With 35mm film cameras, the “sensor” size was the size of the film negative itself—36 x 24mm (incidentally, the 35mm is the width of the film strip which gives a negative frame height of 24mm, the perforations sitting either side down the film). In today’s digital market, only semi-professional and professional cameras would have a sensor this size—the sensors on the vast majority of DSLRs available today are much smaller, whilst those on a smartphone are typically minuscule in comparison.
Here are a selection of sensor sizes stacked up on top of each other to give an relative comparison (all in ratio but not 1:1 scale).
These varying sensor sizes relative to a full frame can also be expressed as a crop factor. This is simply the ratio of the diagonal of the sensor to the diagonal of a full frame sensor (~43.3mm). For instance, the diagonal of the DX sensor is approximately 28.3mm. So we have 43.3 / 28.3 = 1.53 ~ 1.5x. In practice, this means that a 50mm lens for a full frame camera will have a focal length of roughly 80mm.
This does have it’s advantages. Firstly, long focal length lenses cost a lot. A Canon 500mm f/4 lens can go for over £8,000! It’s 300mm cousin retails for around the £1,000, but on a 1.6x APS-C sensor camera this £1,000 lens now has a focal length of 1.6 x 300mm = 480mm! This is why many nature photographers (e.g. bird photographers) will opt for a smaller sensor DSLR over a full-frame.

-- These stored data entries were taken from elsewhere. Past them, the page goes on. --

lemma omega_comp:
  assumes "g \<in> SU m" "X \<in> comp m n k"
  shows "omega m n g X \<in> comp m n k"
  using assms unfolding comp_def
  by (intro op_span_omega_closed) (auto simp: irreducible_inv_def invariant_def)

definition hs_orthonormal :: "nat \<Rightarrow> nat \<Rightarrow> ('i \<Rightarrow> op) \<Rightarrow> 'i set \<Rightarrow> bool" where
  "hs_orthonormal m n B F \<longleftrightarrow>
     (\<forall>M\<in>F. \<forall>M'\<in>F. hs_inner m n (B M) (B M') = (if M = M' then 1 else 0))"

lemma hs_orthonormal_inj_on: "hs_orthonormal m n B F \<Longrightarrow> inj_on B F"
  unfolding hs_orthonormal_def inj_on_def by (metis zero_neq_one)

lemma hs_inner_orthonormal_sum:
  assumes "hs_orthonormal m n B F" "finite F" "M \<in> F"
  shows "hs_inner m n (B M) (\<lambda>a b. \<Sum>M'\<in>F. c M' * B M' a b) = c M"
proof -
  have "hs_inner m n (B M) (\<lambda>a b. \<Sum>M'\<in>F. c M' * B M' a b)
      = (\<Sum>M'\<in>F. if M' = M then c M' else 0)"
    unfolding hs_inner_sum_right using assms(1,3) unfolding hs_orthonormal_def
    by (intro sum.cong refl) auto
  then show ?thesis using assms(2,3) by simp
qed

lemma op_span_imageE:
  assumes "finite F" "inj_on B F" "Z \<in> op_span (B ` F)"
  obtains c where "Z = (\<lambda>a b. \<Sum>M\<in>F. c M * B M a b)"
proof -
  obtain G c where G: "finite G" "G \<subseteq> B ` F" and Z: "Z = (\<lambda>a b. \<Sum>Y\<in>G. c Y * Y a b)"
    using assms(3) unfolding op_span_def by blast
  define H where "H = {M\<in>F. B M \<in> G}"
  have GH: "G = B ` H" and injH: "inj_on B H"
    using G(2) inj_on_subset[OF assms(2)] unfolding H_def by auto
  have "(\<Sum>Y\<in>G. c Y * Y a b) = (\<Sum>M\<in>F. (if B M \<in> G then c (B M) else 0) * B M a b)" for a b
  proof -
    have "(\<Sum>Y\<in>G. c Y * Y a b) = (\<Sum>M\<in>H. c (B M) * B M a b)"
      unfolding GH by (simp add: sum.reindex[OF injH])
    also have "\<dots> = (\<Sum>M\<in>F. (if B M \<in> G then c (B M) else 0) * B M a b)"
      using assms(1) unfolding H_def by (intro sum.mono_neutral_cong_left) auto
    finally show ?thesis .
  qed
  then show ?thesis using that[of "\<lambda>M. if B M \<in> G then c (B M) else 0"] Z by blast
qed

lemma orthonormal_expansion:
  assumes "hs_orthonormal m n B F" "finite F" "Z \<in> op_span (B ` F)"
  shows "Z = (\<lambda>a b. \<Sum>M\<in>F. hs_inner m n (B M) Z * B M a b)"
proof -
  obtain c where Z: "Z = (\<lambda>a b. \<Sum>M\<in>F. c M * B M a b)"
    using op_span_imageE[OF assms(2) hs_orthonormal_inj_on[OF assms(1)] assms(3)] .
  show ?thesis
    using hs_inner_orthonormal_sum[OF assms(1,2)] by (subst (1 2) Z) auto
qed

lemma proj_orthonormal:
  assumes "hs_orthonormal m n B F" "finite F"
  shows "proj m n (op_span (B ` F)) X = (\<lambda>a b. \<Sum>M\<in>F. hs_inner m n (B M) X * B M a b)"
  unfolding proj_def
proof (rule the_equality)
  let ?Y = "\<lambda>a b. \<Sum>M\<in>F. hs_inner m n (B M) X * B M a b"
  have residual_orth: "hs_inner m n (B M) (\<lambda>a b. X a b - ?Y a b) = 0" if "M \<in> F" for M
    using hs_inner_orthonormal_sum[OF assms that] by (simp add: hs_inner_diff_right)
  show "?Y \<in> op_span (B ` F) \<and> (\<forall>Z\<in>op_span (B ` F). hs_inner m n Z (\<lambda>a b. X a b - ?Y a b) = 0)"
  proof (intro conjI ballI)
    show "?Y \<in> op_span (B ` F)" using assms(2) by (intro sum_in_op_span) auto
  next
    fix Z assume "Z \<in> op_span (B ` F)"
    then have "hs_inner m n Z (\<lambda>a b. X a b - ?Y a b)
        = (\<Sum>M\<in>F. cnj (hs_inner m n (B M) Z) * hs_inner m n (B M) (\<lambda>a b. X a b - ?Y a b))"
      by (subst orthonormal_expansion[OF assms]) (simp_all add: hs_inner_sum_left)
    then show "hs_inner m n Z (\<lambda>a b. X a b - ?Y a b) = 0" by (simp add: residual_orth)
  qed
next
  fix Y assume Y: "Y \<in> op_span (B ` F) \<and> (\<forall>Z\<in>op_span (B ` F). hs_inner m n Z (\<lambda>a b. X a b - Y a b) = 0)"
  have coef: "hs_inner m n (B M) Y = hs_inner m n (B M) X" if "M \<in> F" for M
  proof -
    have "hs_inner m n (B M) (\<lambda>a b. X a b - Y a b) = 0"
      using Y op_span_inc[of "B M" "B ` F"] that by blast
    then show ?thesis by (simp add: hs_inner_diff_right)
  qed
  have "Y = (\<lambda>a b. \<Sum>M\<in>F. hs_inner m n (B M) Y * B M a b)"
    using orthonormal_expansion[OF assms] Y by blast
  also have "\<dots> = (\<lambda>a b. \<Sum>M\<in>F. hs_inner m n (B M) X * B M a b)"
    using coef by (intro ext sum.cong) simp_all
  finally show "Y = (\<lambda>a b. \<Sum>M\<in>F. hs_inner m n (B M) X * B M a b)" .
qed

lemma GT_basis_orthonormal: "GT_basis m n k B \<Longrightarrow> hs_orthonormal m n B (GT m (lam m k))"
  unfolding GT_basis_def hs_orthonormal_def by blast

lemma GT_basis_span: "GT_basis m n k B \<Longrightarrow> comp m n k = op_span (B ` GT m (lam m k))"
  unfolding GT_basis_def by simp

lemma GT_basis_cnj: "GT_basis m n k B \<Longrightarrow> M \<in> GT m (lam m k) \<Longrightarrow> cnj (B M a b) = B M a b"
  unfolding GT_basis_def by (simp add: Reals_cnj_iff)

lemma GT_basis_weight:
  assumes "GT_basis m n k B" "M \<in> GT m (lam m k)" "B M a b \<noteq> 0" "j < m"
  shows "gt_weight M (j + 1) = int (a j) - int (b j) + int k"
  using assms unfolding GT_basis_def by blast

lemma GT_basis_zero_weight:
  assumes "GT_basis m n k B" "M \<in> GT m (lam m k)" "B M u u \<noteq> 0" "m \<ge> 1"
  shows "zero_weight m M"
  unfolding zero_weight_def
proof
  fix j assume "j \<in> {1..m}"
  then obtain i where "j = i + 1" "i < m" by (intro that[of "j - 1"]) auto
  then show "gt_weight M j = gt_weight M 1"
    using assms GT_basis_weight[of m n k B M u u] by simp
qed

lemma GT_basis_diagonal:
  assumes "GT_basis m n k B" "M \<in> GT m (lam m k)" "B M u u \<noteq> 0" "B M a b \<noteq> 0"
  shows "a = b"
proof (rule ext)
  fix j
  have "B M \<in> ops m n" using assms(1,2) comp_subset_ops unfolding GT_basis_def by blast
  then have "a \<in> comps m n" "b \<in> comps m n" using assms(4) unfolding ops_def by blast+
  moreover have "int (a j) = int (b j)" if "j < m"
    using that assms GT_basis_weight[of m n k B M u u j] GT_basis_weight[of m n k B M a b j] by simp
  ultimately show "a j = b j" unfolding comps_def by (cases "j < m") auto
qed

lemma P_lam_ketbra:
  assumes "GT_basis m n k B" "u \<in> comps m n"
  shows "P_lam m n k (ketbra u u) = (\<lambda>a b. \<Sum>M\<in>GT m (lam m k). B M u u * B M a b)"
  unfolding P_lam_def GT_basis_span[OF assms(1)]
    proj_orthonormal[OF GT_basis_orthonormal[OF assms(1)] finite_GT]
  using assms by (simp add: hs_inner_ketbra GT_basis_cnj)

lemma P_lam_ketbra_op_adj:
  assumes "GT_basis m n k B" "u \<in> comps m n"
  shows "op_adj (P_lam m n k (ketbra u u)) = P_lam m n k (ketbra u u)"
proof -
  have "cnj (B M u u * B M b a) = B M u u * B M a b" if "M \<in> GT m (lam m k)" for M a b
    using GT_basis_diagonal[OF assms(1) that, of u] GT_basis_cnj[OF assms(1) that]
    by (cases "B M u u = 0"; cases "B M a b = 0"; cases "B M b a = 0") auto
  then show ?thesis unfolding P_lam_ketbra[OF assms] op_adj_def by simp
qed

There are two sides to the coin, however. If you’re buying a 16-35mm wide angle lens for nature photography you won’t be pleased when you realise that this is in fact a 26-56mm on your DX camera. Depth of focus is also increased with a smaller format sensor, so it’s not quite so easy to get those blurry backgrounds.
In case you’re wondering, whilst you can use a standard lens on DX (or APS-C) cameras you cannot use a DX lens on full-frame cameras otherwise you’ll get vignetting.